§ DATA FOR REVIEW
lemma (in prob_space) borel_cantelli_AE2_exists:
  assumes indep: "indep_events A {N..}" and diverges: "\<not> summable (\<lambda>n. prob (A n))"
  shows "AE \<omega> in M. \<exists>n\<ge>N. \<omega> \<in> A n"
proof -
  define C where "C = (\<Inter>n\<in>{N..}. space M - A n)"
  have A: "A n \<in> events" if "N \<le> n" for n
    using indep that by (auto simp: indep_events_def)
  then have C: "C \<in> events"
    unfolding C_def by (intro sets.countable_INT') auto
  define S where "S m = (\<Sum>j<m. prob (A (j + N)))" for m
  have prob_C_le: "prob C \<le> exp (- S m)" for m
  proof (cases "m = 0")
    case True
    then show ?thesis
      by (simp add: S_def)
  next
    case False
    define J where "J = (\<lambda>j. j + N) ` {..<m}"
    have J: "J \<subseteq> {N..}" "finite J" "J \<noteq> {}"
      using False by (auto simp: J_def)
    have "(\<Inter>n\<in>J. space M - A n) \<in> events"
      using J A by (intro sets.finite_INT) auto
    then have "prob C \<le> prob (\<Inter>n\<in>J. space M - A n)"
      using J by (intro finite_measure_mono) (auto simp: C_def)
    also have "\<dots> = (\<Prod>n\<in>J. prob (space M - A n))"
      using indep_events_compl[OF indep] J by (auto simp: indep_events_def)
    also have "\<dots> = (\<Prod>n\<in>J. 1 - prob (A n))"
      using J A by (intro prod.cong refl prob_compl) auto
    also have "\<dots> \<le> exp (- (\<Sum>n\<in>J. prob (A n)))"
      using J by (intro prod_one_minus_le_exp_sum) auto
    also have "\<dots> = exp (- S m)"
      by (simp add: J_def S_def sum.reindex)
    finally show ?thesis .
  qed
  have S_unbounded: "\<exists>m. y < S m" for y
  proof (rule ccontr)
    assume "\<nexists>m. y < S m"
    then have "summable (\<lambda>j. prob (A (j + N)))"
      by (intro summableI_nonneg_bounded[of _ y]) (auto simp: S_def not_less)
    with diverges show False
      using summable_iff_shift[of "\<lambda>n. prob (A n)" N] by simp
  qed
  have "prob C = 0"
  proof (rule ccontr)
    assume "prob C \<noteq> 0"
    then have pos: "0 < prob C"
      using measure_nonneg[of M C] by linarith
    obtain m where "- ln (prob C) < S m"
      using S_unbounded by blast
    then have "exp (- S m) < prob C"
      using pos by (metis exp_less_cancel_iff exp_ln minus_less_iff)
    with prob_C_le[of m] show False
      by simp
  qed
  moreover have "{\<omega>\<in>space M. \<not> (\<exists>n\<ge>N. \<omega> \<in> A n)} = C"
    by (auto simp: C_def)
  ultimately show ?thesis
    using AE_iff_measurable[OF C] by (simp add: emeasure_eq_measure)
qed

lemma (in prob_space) indep_events_time_slices:
  fixes X :: "'i \<Rightarrow> 't \<Rightarrow> 'a \<Rightarrow> 'b"
  assumes indep: "indep_vars (\<lambda>_. count_space UNIV) (\<lambda>(i, n). X i n) (K \<times> I)"
    and "finite K"
  shows "indep_events (\<lambda>n. {\<omega>\<in>space M. \<forall>i\<in>K. P n i (X i n \<omega>)}) I"
proof -
  let ?slice = "\<lambda>n. PiM (K \<times> {n}) (\<lambda>_. count_space UNIV :: 'b measure)"
  have "indep_vars ?slice (\<lambda>n \<omega>. restrict (\<lambda>j. (\<lambda>(i, n). X i n) j \<omega>) (K \<times> {n})) I"
    using indep by (rule indep_vars_restrict) (auto simp: disjoint_family_on_def)
  then have "indep_events (\<lambda>n. {\<omega>\<in>space M. \<forall>i\<in>K. P n i
      (restrict (\<lambda>j. (\<lambda>(i, n). X i n) j \<omega>) (K \<times> {n}) (i, n))}) I"
  proof (rule indep_eventsI_indep_vars)
    fix n
    have "Measurable.pred (?slice n) (\<lambda>f. P n i (f (i, n)))" if "i \<in> K" for i
      using that by (intro measurable_compose[OF measurable_component_singleton]) auto
    then have "Measurable.pred (?slice n) (\<lambda>f. \<forall>i\<in>K. P n i (f (i, n)))"
      using \<open>finite K\<close> by (intro pred_intros_finite)
    then show "{f \<in> space (?slice n). \<forall>i\<in>K. P n i (f (i, n))} \<in> sets (?slice n)"
      by (simp add: pred_def)
  qed
  then show ?thesis
    by simp
qed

§ WHAT IS REQUIRED
Please output exactly the lines between the one holding "define J where" and the one holding "M. \<not> (\<exists>n\<ge>N." in the records above, inclusive, and nothing more.

§ EXERCISE RESULT
    define J where "J = (\<lambda>j. j + N) ` {..<m}"
    have J: "J \<subseteq> {N..}" "finite J" "J \<noteq> {}"
      using False by (auto simp: J_def)
    have "(\<Inter>n\<in>J. space M - A n) \<in> events"
      using J A by (intro sets.finite_INT) auto
    then have "prob C \<le> prob (\<Inter>n\<in>J. space M - A n)"
      using J by (intro finite_measure_mono) (auto simp: C_def)
    also have "\<dots> = (\<Prod>n\<in>J. prob (space M - A n))"
      using indep_events_compl[OF indep] J by (auto simp: indep_events_def)
    also have "\<dots> = (\<Prod>n\<in>J. 1 - prob (A n))"
      using J A by (intro prod.cong refl prob_compl) auto
    also have "\<dots> \<le> exp (- (\<Sum>n\<in>J. prob (A n)))"
      using J by (intro prod_one_minus_le_exp_sum) auto
    also have "\<dots> = exp (- S m)"
      by (simp add: J_def S_def sum.reindex)
    finally show ?thesis .
  qed
  have S_unbounded: "\<exists>m. y < S m" for y
  proof (rule ccontr)
    assume "\<nexists>m. y < S m"
    then have "summable (\<lambda>j. prob (A (j + N)))"
      by (intro summableI_nonneg_bounded[of _ y]) (auto simp: S_def not_less)
    with diverges show False
      using summable_iff_shift[of "\<lambda>n. prob (A n)" N] by simp
  qed
  have "prob C = 0"
  proof (rule ccontr)
    assume "prob C \<noteq> 0"
    then have pos: "0 < prob C"
      using measure_nonneg[of M C] by linarith
    obtain m where "- ln (prob C) < S m"
      using S_unbounded by blast
    then have "exp (- S m) < prob C"
      using pos by (metis exp_less_cancel_iff exp_ln minus_less_iff)
    with prob_C_le[of m] show False
      by simp
  qed
  moreover have "{\<omega>\<in>space M. \<not> (\<exists>n\<ge>N. \<omega> \<in> A n)} = C"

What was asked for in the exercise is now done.